Смерть Пушкина была для него личным горем. Молчаливый и прежде, он стал еще молчаливее. Написал в книжную лавку Смирдина письмецо с вложением, не прося, а почти умоляя выслать ему самый последний портрет Пушкина.

Через месяц из Петербурга пришел пакет. Дрожащими руками он разорвал бумагу и – обомлел: Пушкин, похожий и в то же время непохожий, с непривычно приглаженными кудрями, лежал в гробу. Это была литография, сделанная тотчас же после смерти Пушкина.

У Кольцова дрогнули губы. «Друг! Друг!» – прошептал он. И что бы ни делал, мысли возвращались к одному: к Пушкину. До мельчайших подробностей вспоминал о встречах с ним. «Столько ласки, столько привета он дал мне!
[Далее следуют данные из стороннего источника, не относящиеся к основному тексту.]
(* Let $\lambda>1$, $s'\in(0,1]$, $r\in\mathbb{R}$, and consider the system $$x_{n+1}=s'y_n,\qquad y_{n+1}=x_n^{\lambda}e^{r-x_n},\qquad n\ge0,$$ with $(x_0,y_0)\in[0,\infty)^2$; equivalently $x_{n+1}=x_{n-1}^{\lambda}e^{a-x_{n-1}}$ for $n\ge1$ with $x_1=s'y_0$, where $a=r+\ln s'$. Let $f(u)=u^\lambda e^{a-u}$. (a) Every orbit in $[0,\infty)^2$ converges to $(0,0)$ if and only if $a<(\lambda-1)[1-\ln(\lambda-1)]$. (b) Assume $a>(\lambda-1)[1-\ln(\lambda-1)]$, and let $u^*<\bar u$ be the two positive fixed points of $f$. Then the positive fixed points of the scalar equation are $x^*=u^*$ and $\bar x=\bar u$, and every orbit with $(x_0,y_0)\in[0,u^* )\times[0,u^*/s')$ converges to $(0,0)$. (c) Assume $(\lambda-1)[1-\ln(\lambda-1)]<a\le\lambda-(\lambda-1)\ln\lambda$. If $x_0\in[u^*,\bar u]$ or $s'y_0\in[u^*,\bar u]$, then the corresponding orbit does not converge to $(0,0)$. (d) Assume $a>(\lambda-1)[1-\ln(\lambda-1)]$. Then the 2-periodic sequences $\{0,u^*,0,u^*,\dots\}$ and $\{u^*,0,u^*,0,\dots\}$ are solutions of $x_{n+1}=x_{n-1}^{\lambda}e^{a-x_{n-1}}$ and they are unstable: for every $\delta>0$ there are non-negative initial values $(x_0,x_1)$ within distance $\delta$ of $(0,u^* )$ (respectively of $(u^*,0)$) whose solution converges to $0$.
   Context: For $\lambda>1$ and $a>(\lambda-1)[1-\ln(\lambda-1)]$ the map $f(u)=u^{\lambda}e^{a-u}$ has exactly two positive fixed points $u^*<\lambda-1<\bar u$; $u^*$ is called the Allee fixed point of $f$. *)

theory Defs
  imports "HOL-Analysis.Analysis"
begin

definition fmap :: "real \<Rightarrow> real \<Rightarrow> real \<Rightarrow> real" where
  "fmap lam a u = u powr lam * exp (a - u)"

definition allee_fp :: "real \<Rightarrow> real \<Rightarrow> real" where
  "allee_fp lam a = (THE u. 0 < u \<and> u < lam - 1 \<and> fmap lam a u = u)"

definition upper_fp :: "real \<Rightarrow> real \<Rightarrow> real" where
  "upper_fp lam a = (THE u. lam - 1 < u \<and> fmap lam a u = u)"

fun orbit :: "real \<Rightarrow> real \<Rightarrow> real \<Rightarrow> real \<Rightarrow> real \<Rightarrow> nat \<Rightarrow> real \<times> real" where
  "orbit lam s r x0 y0 0 = (x0, y0)"
| "orbit lam s r x0 y0 (Suc n) =
     (let p = orbit lam s r x0 y0 n in (s * snd p, fst p powr lam * exp (r - fst p)))"

fun scal :: "real \<Rightarrow> real \<Rightarrow> real \<Rightarrow> real \<Rightarrow> nat \<Rightarrow> real" where
  "scal lam a x0 x1 0 = x0"
| "scal lam a x0 x1 (Suc 0) = x1"
| "scal lam a x0 x1 (Suc (Suc n)) = fmap lam a (scal lam a x0 x1 n)"

definition solves_scalar :: "real \<Rightarrow> real \<Rightarrow> (nat \<Rightarrow> real) \<Rightarrow> bool" where
  "solves_scalar lam a x \<longleftrightarrow> (\<forall>n\<ge>1. x (n + 1) = fmap lam a (x (n - 1)))"

end

theory Submission
  imports Defs "HOL-Real_Asymp.Real_Asymp"
begin

text \<open>Write f(u) = u exp(g(u)) with g(u) = (lam - 1) ln u + a - u. The positive fixed points
  of f are the zeros of g, which increases up to lam - 1 and decreases afterwards, with maximum
  a - (lam - 1)(1 - ln (lam - 1)); above this threshold there are exactly two, u* < ub.
  The first component of the planar system satisfies x(n+2) = f(x(n)), so its even and odd
  subsequences are orbits of f. Where f(u) < u (everywhere below the threshold, and on (0, u*)
  above it) these orbits decrease to the fixed point 0; a positive fixed point gives an orbit
  that does not decay, and when ub \<le> lam the map f is increasing on [u*, ub], so this interval
  is invariant and keeps orbits away from 0.\<close>

lemma ln_less_minus_one: "0 < x \<Longrightarrow> x \<noteq> 1 \<Longrightarrow> ln x < x - (1::real)"
  using ln_le_minus_one[of x] ln_eq_minus_one[of x] by force

lemma ln_minus_strict_mono:
  fixes c u v :: real
  assumes "0 < u" "u < v" "v \<le> c"
  shows "c * ln u - u < c * ln v - v"
proof -
  have "ln u - ln v < u / v - 1"
    using ln_less_minus_one[of "u / v"] assms by (simp add: ln_div)
  hence "c * (ln u - ln v) < c * (u / v - 1)"
    using assms by (intro mult_strict_left_mono) auto
  also have "c * (u / v - 1) \<le> u - v"
    using mult_right_mono_neg[of v c "u - v"] assms by (simp add: field_simps)
  finally show ?thesis by (simp add: algebra_simps)
qed

lemma ln_minus_strict_antimono:
  fixes c u v :: real
  assumes "0 < c" "c \<le> u" "u < v"
  shows "c * ln v - v < c * ln u - u"
proof -
  have "ln v - ln u < v / u - 1"
    using ln_less_minus_one[of "v / u"] assms by (simp add: ln_div)
  hence "c * (ln v - ln u) < c * (v / u - 1)"
    using assms by (intro mult_strict_left_mono) auto
  also have "c * (v / u - 1) \<le> v - u"
    using mult_right_mono[of c u "v - u"] assms by (simp add: field_simps)
  finally show ?thesis by (simp add: algebra_simps)
qed

lemma fmap_zero [simp]: "fmap lam a 0 = 0"
  by (simp add: fmap_def)

lemma fmap_nonneg: "0 \<le> fmap lam a u"
  by (simp add: fmap_def)

lemma isCont_fmap: "0 < u \<Longrightarrow> isCont (fmap lam a) u"
  unfolding fmap_def by (intro continuous_intros) auto

lemma fmap_eq_exp: "0 < u \<Longrightarrow> fmap lam a u = exp (lam * ln u - u + a)"
  by (simp add: fmap_def powr_def exp_add exp_diff)

lemma fmap_mono:
  assumes "0 \<le> u" "u \<le> v" "v \<le> lam"
  shows "fmap lam a u \<le> fmap lam a v"
proof (cases "u = 0 \<or> u = v")
  case False
  hence "lam * ln u - u < lam * ln v - v"
    using assms by (intro ln_minus_strict_mono) auto
  thus ?thesis
    using False assms by (simp add: fmap_eq_exp)
qed (auto simp: fmap_nonneg)

definition log_growth :: "real \<Rightarrow> real \<Rightarrow> real \<Rightarrow> real" where
  "log_growth lam a u = (lam - 1) * ln u + a - u"

lemma fmap_eq_mult_exp_log_growth: "0 < u \<Longrightarrow> fmap lam a u = u * exp (log_growth lam a u)"
proof -
  assume "0 < u"
  hence "u * exp (log_growth lam a u) = exp (ln u + log_growth lam a u)"
    by (simp add: exp_add)
  thus ?thesis
    using \<open>0 < u\<close> by (simp add: fmap_eq_exp log_growth_def algebra_simps)
qed

lemma fmap_less_self_iff: "0 < u \<Longrightarrow> fmap lam a u < u \<longleftrightarrow> log_growth lam a u < 0"
  by (simp add: fmap_eq_mult_exp_log_growth)

lemma fmap_eq_self_iff: "0 < u \<Longrightarrow> fmap lam a u = u \<longleftrightarrow> log_growth lam a u = 0"
  by (simp add: fmap_eq_mult_exp_log_growth)

lemma fmap_greater_self_iff: "0 < u \<Longrightarrow> u < fmap lam a u \<longleftrightarrow> 0 < log_growth lam a u"
  by (simp add: fmap_eq_mult_exp_log_growth)

lemma log_growth_strict_mono:
  "lam > 1 \<Longrightarrow> 0 < u \<Longrightarrow> u < v \<Longrightarrow> v \<le> lam - 1 \<Longrightarrow> log_growth lam a u < log_growth lam a v"
  using ln_minus_strict_mono[of u v "lam - 1"] by (simp add: log_growth_def)

lemma log_growth_strict_antimono:
  "lam > 1 \<Longrightarrow> lam - 1 \<le> u \<Longrightarrow> u < v \<Longrightarrow> log_growth lam a v < log_growth lam a u"
  using ln_minus_strict_antimono[of "lam - 1" u v] by (simp add: log_growth_def)

lemma log_growth_at_peak: "log_growth lam a (lam - 1) = a - (lam - 1) * (1 - ln (lam - 1))"
  by (simp add: log_growth_def algebra_simps)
Ведь он Алешей меня, как брат, называл…»

Какая-то еще неясная, печальная, но грозная песня звенела в ушах Кольцова. Возникали смутные образы; они проносились в воображении то как мрачные тени, то как ослепительные зарницы. Несколько дней томила его эта еще не сложенная песня. Он измучился, пытаясь уловить ее. Дома он сказался больным и никуда не выходил из своего кильдима. Беспокойство, тревога, ощущение таинственных шумов, какие всегда предшествовали рождению стиха, овладели им. Наконец блеснул образ: могучий дубовый лес, зеленые богатырские кроны, в которых жило и пело множество птиц, горделивые, кое-где пронзенные солнечными стрелами шапки изумрудной листвы… Слово – живое слово! – вдруг прозвучало в тишине. Это было то самое точное и нужное слово, которое пришло, преодолев все неясные шумы.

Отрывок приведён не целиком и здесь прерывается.